# Glenwood Canyon CLOSED July 27 and 28 - No River Access til 3:30 PM



## buckmanriver (Apr 2, 2008)

What is the reason for the closure?


----------



## grandavenuebridge (Feb 17, 2016)

The closure is for a military-style helicopter to deliver and place steel poles for rockfall fencing. The rockfall fencing is being constructed to help prevent future rock slides in the area. The work is safety critical overhead work, meaning no people/vehicles can be underneath areas where the helicopter operations are happening.

Permitted commercial guides will receive escorts to run trips until 1:30 PM. 

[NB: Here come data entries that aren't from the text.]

(* Let $f:\mathbb{R}^{d_1}\times\mathbb{R}^{d_2}\to\mathbb{R}$ satisfy: (i) for every fixed $x$, $\max_y f(x,y)$ has a nonempty solution set and a finite optimal value, and there is $\mu>0$ with $\|\nabla_y f(x,y)\|^2\geq 2\mu[\max_{y'}f(x,y')-f(x,y)]$ for all $x,y$; (ii) there is $l>0$ with $\|\nabla_x f(x_1,y_1)-\nabla_x f(x_2,y_2)\|\leq l[\|x_1-x_2\|+\|y_1-y_2\|]$ and $\|\nabla_y f(x_1,y_1)-\nabla_y f(x_2,y_2)\|\leq l[\|x_1-x_2\|+\|y_1-y_2\|]$ for all $x_1,x_2,y_1,y_2$. Let $\Phi(x)=\max_y f(x,y)$ and suppose $\Phi^*=\min_x\Phi(x)$ exists and is finite. Let $\kappa=l/\mu$, $L=l+\frac{l^2}{2\mu}$. Let $\epsilon>0$, $\beta\leq\frac{1}{4d_2L}$, $\alpha\leq\min\{\frac{\beta}{32\kappa^2},\frac{1}{10d_1L}\}$, $\theta_1=\left(5d_1L+\frac{3}{2\alpha}+\frac32L+d_2L\right)d_1^2L^2\alpha^2$, $\mu_1=\frac{\sqrt{\alpha}\,\epsilon}{2\sqrt{\theta_1}}$, $\mu_2=\frac{\sqrt{\alpha}\,\epsilon}{\sqrt{3\beta}\,d_2L}$. Let $(x_t,y_t)_{t\geq0}$ be generated by the ZO-AGDA iteration described in the context from initial point $(x_0,y_0)$, and let $T(\epsilon)=\min\{t:\mathbb{E}\|\nabla\Phi(x_t)\|\leq\epsilon\}$. Then $$T(\epsilon)\leq\frac{4[3\Phi(x_0)-f(x_0,y_0)-2\Phi^*]}{\alpha\epsilon^2}.$$
   Context: ZO-AGDA iteration: given $(x_t,y_t)$, draw $u_t$ uniformly from the unit sphere in $\mathbb{R}^{d_1}$ and $v_t$ uniformly from the unit sphere in $\mathbb{R}^{d_2}$, independently of everything else, and set $x_{t+1}=x_t-\alpha\,\frac{f(x_t+\mu_1u_t,y_t)-f(x_t,y_t)}{\mu_1/d_1}u_t$, then $y_{t+1}=y_t+\beta\,\frac{f(x_{t+1},y_t+\mu_2v_t)-f(x_{t+1},y_t)}{\mu_2/d_2}v_t$. Expectations are over all random vectors drawn by the algorithm. An $\epsilon$-stationary point is $\hat x$ with $\mathbb{E}\|\nabla\Phi(\hat x)\|\leq\epsilon$. *)

theory Defs
  imports "HOL-Probability.Probability"
begin

text \<open>Value function Phi(x) = max over y of f(x,y) (the max is assumed attained in the theorem).\<close>
definition Phi :: "('a \<Rightarrow> 'b \<Rightarrow> real) \<Rightarrow> 'a \<Rightarrow> real" where
  "Phi f x = (SUP y. f x y)"

definition grad :: "('a::real_inner \<Rightarrow> real) \<Rightarrow> 'a \<Rightarrow> 'a" where
  "grad g x = (THE D. (g has_derivative (\<lambda>h. D \<bullet> h)) (at x))"

text \<open>Uniform distribution on the unit sphere: radial projection of the uniform
  distribution on the unit ball (i.e. normalized surface measure).\<close>
definition uniform_sphere :: "('a::euclidean_space) measure" where
  "uniform_sphere = distr (uniform_measure lborel (ball 0 1)) borel (\<lambda>x. x /\<^sub>R norm x)"

primrec zo_agda :: "('a::euclidean_space \<Rightarrow> 'b::euclidean_space \<Rightarrow> real) \<Rightarrow> real \<Rightarrow> real \<Rightarrow> real \<Rightarrow> real
    \<Rightarrow> 'a \<Rightarrow> 'b \<Rightarrow> (nat \<Rightarrow> 'a) \<Rightarrow> (nat \<Rightarrow> 'b) \<Rightarrow> nat \<Rightarrow> 'a \<times> 'b" where
  "zo_agda f \<alpha> \<beta> \<mu>1 \<mu>2 x0 y0 u v 0 = (x0, y0)"
| "zo_agda f \<alpha> \<beta> \<mu>1 \<mu>2 x0 y0 u v (Suc t) =
     (let x = fst (zo_agda f \<alpha> \<beta> \<mu>1 \<mu>2 x0 y0 u v t);
          y = snd (zo_agda f \<alpha> \<beta> \<mu>1 \<mu>2 x0 y0 u v t);
          x' = x - (\<alpha> * ((f (x + \<mu>1 *\<^sub>R u t) y - f x y) / (\<mu>1 / real DIM('a)))) *\<^sub>R u t;
          y' = y + (\<beta> * ((f x' (y + \<mu>2 *\<^sub>R v t) - f x' y) / (\<mu>2 / real DIM('b)))) *\<^sub>R v t
      in (x', y'))"

end

theory Submission
  imports Defs
begin

(* Track the potential V(x, y) = Phi(x) - Phi_min + (Phi(x) - f(x, y)) / 2.
   For u uniform on the unit sphere of R^d we have E[u u^T] = I / d, so in expectation the
   zeroth-order steps are gradient steps up to a bias of order l * mu_i.  The y-step then shrinks
   the gap Phi(x) - f(x, y) by the PL inequality, and the x-step is a descent step for Phi, which is
   smooth by Danskin's theorem; the error of using grad_x f(x, y) instead of grad Phi(x) is paid
   for by the gap.  Together, one iteration decreases E V by at least
   alpha * eps * E |grad Phi(x_t)| - 7/8 * alpha * eps^2.  Summed over T iterations with
   E |grad Phi(x_t)| > eps this gives T * alpha * eps^2 / 8 <= V(x0, y0), and
   8 V(x0, y0) = 4 (3 Phi(x0) - f(x0, y0) - 2 Phi_min). *)

section \<open>Gradients and quadratic bounds\<close>

lemma grad_eqI:
  fixes g :: "'a::real_inner \<Rightarrow> real"
  assumes "(g has_derivative (\<lambda>h. D \<bullet> h)) (at x)"
  shows "grad g x = D"
proof -
  have "D' = D" if "(g has_derivative (\<lambda>h. D' \<bullet> h)) (at x)" for D'
  proof -
    have "(\<lambda>h. D' \<bullet> h) = (\<lambda>h. D \<bullet> h)" using has_derivative_unique[OF that assms] .
    then have "D' \<bullet> (D' - D) = D \<bullet> (D' - D)" by metis
    then have "(D' - D) \<bullet> (D' - D) = 0" by (simp add: inner_diff_left)
    then show ?thesis by simp
  qed
  with assms show ?thesis unfolding grad_def by (rule the_equality)
qed

lemma has_derivative_grad:
  fixes g :: "'a::euclidean_space \<Rightarrow> real"
  assumes "g differentiable (at x)"
  shows "(g has_derivative (\<lambda>h. grad g x \<bullet> h)) (at x)"
proof -
  obtain g' where g': "(g has_derivative g') (at x)"
    using assms by (auto simp: differentiable_def)
  then have "linear g'" by (rule has_derivative_linear)
  define D where "D = (\<Sum>b\<in>Basis. g' b *\<^sub>R b)"
  have "g' h = D \<bullet> h" for h
  proof -
    have "g' h = g' (\<Sum>b\<in>Basis. (h \<bullet> b) *\<^sub>R b)" by (simp add: euclidean_representation)
    also have "\<dots> = (\<Sum>b\<in>Basis. (h \<bullet> b) * g' b)"
      using \<open>linear g'\<close> by (simp add: linear_sum linear_scale)
    also have "\<dots> = D \<bullet> h"
      by (simp add: D_def inner_sum_left inner_sum_right mult.commute inner_commute)
    finally show ?thesis .
  qed
  with g' have "(g has_derivative (\<lambda>h. D \<bullet> h)) (at x)" by (metis (no_types, lifting) ext)
  then show ?thesis using grad_eqI by metis
qed

lemma has_real_derivative_along_line:
  fixes g :: "'a::real_inner \<Rightarrow> real"
  assumes "\<And>z. (g has_derivative (\<lambda>h. D z \<bullet> h)) (at z)"
  shows "((\<lambda>t. g (x + t *\<^sub>R d)) has_real_derivative (D (x + t *\<^sub>R d) \<bullet> d)) (at t)"
proof -
  have "((\<lambda>t. x + t *\<^sub>R d) has_derivative (\<lambda>s. s *\<^sub>R d)) (at t)"
    by (auto intro!: derivative_eq_intros)
  from diff_chain_at[OF this assms]
  have "((\<lambda>t. g (x + t *\<^sub>R d)) has_derivative (\<lambda>s. D (x + t *\<^sub>R d) \<bullet> (s *\<^sub>R d))) (at t)"
    by (simp add: o_def)
  then show ?thesis
    by (rule has_derivative_imp_has_field_derivative) (simp add: mult.commute)
qed
(* Let $N$ firms have outputs $x_i\in K_i\subseteq[0,\infty)$, $K=\prod_iK_i$, $X=\sum_{i=1}^Nx_i$, let $b^*>0$, $\sigma>1$, and for a parameter $\theta=a\in\Theta$ define $F(x;\theta)$ by $F_i(x;\theta)=c_i'(x_i)-(\theta-b^*X^\sigma)+\sigma b^*X^{\sigma-1}x_i$. Suppose each $c_i$ is convex and continuously differentiable with $c_i'$ Lipschitz continuous on $K_i$, each $K_i$ is nonempty, closed, convex and bounded, $\Theta=[\delta,\Delta]$ with $0<\delta<\Delta$, and $X\ge\eta$ for some $\eta>0$ and all $x\in K$. If $N<\frac{3\sigma-1}{\sigma-1}$, then: (a) if $x(\theta)$ denotes the solution of VI$(K,F(\cdot;\theta))$, then $x(\theta)$ is Lipschitz continuous in $\theta$ on $\Theta$; (b) for $\epsilon>0$, if $x(\theta,\epsilon)$ denotes the solution of VI$(K,F(\cdot;\theta)+\epsilon\mathbf{I})$, then $x(\theta,\epsilon)$ is Lipschitz continuous in $\theta$ and $\epsilon$.
   Context: VI$(K,G)$ asks for $x\in K$ with $(y-x)^TG(x)\ge0$ for all $y\in K$. $F(\cdot;\theta)+\epsilon\mathbf{I}$ denotes $x\mapsto F(x;\theta)+\epsilon x$. $F(\cdot;\theta)$ is the gradient map of the Cournot game with price $\theta-b^*X^\sigma$ in which firm $i$ minimizes $c_i(x_i)-(\theta-b^*X^\sigma)x_i$; here the intercept $a=\theta$ is the parameter. *)

theory Defs
  imports "HOL-Analysis.Analysis"
begin

definition solves_VI :: "('a::real_inner) set \<Rightarrow> ('a \<Rightarrow> 'a) \<Rightarrow> 'a \<Rightarrow> bool" where
  "solves_VI K G x \<longleftrightarrow> x \<in> K \<and> (\<forall>y\<in>K. (y - x) \<bullet> G x \<ge> 0)"

definition total_output :: "real ^ 'n \<Rightarrow> real" where
  "total_output x = (\<Sum>i\<in>UNIV. x $ i)"

text \<open>Gradient map of the Cournot game with inverse demand theta - b X^sigma;
  dc i is the derivative c_i' of the cost function of firm i.\<close>
definition cournot_F ::
  "('n::finite \<Rightarrow> real \<Rightarrow> real) \<Rightarrow> real \<Rightarrow> real \<Rightarrow> real ^ 'n \<Rightarrow> real \<Rightarrow> real ^ 'n" where
  "cournot_F dc b \<sigma> x \<theta> =
     (\<chi> i. dc i (x $ i) - (\<theta> - b * total_output x powr \<sigma>)
            + \<sigma> * b * total_output x powr (\<sigma> - 1) * x $ i)"

definition prod_set :: "('n::finite \<Rightarrow> real set) \<Rightarrow> (real ^ 'n) set" where
  "prod_set Ks = {x. \<forall>i. x $ i \<in> Ks i}"

end

theory Submission
  imports Defs
begin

For additional information call or text: 970-618-1457


----------



## Andy H. (Oct 13, 2003)

*So just to be clear...*

So just to be clear, are you saying that I-70 through Glenwood Canyon will be completely closed? Or are you saying that just the ramps you listed will be closed Wednesday, July 27 and Thursday, July 28 from 9 AM to 3:30 PM?


----------



## grandavenuebridge (Feb 17, 2016)

I-70 through Glenwood Canyon will be completely closed from 9AM to 3:30PM on Wednesday, July 27 and Thursday, July 28.


----------



## buckmanriver (Apr 2, 2008)

Sounds like an interesting construction project!


----------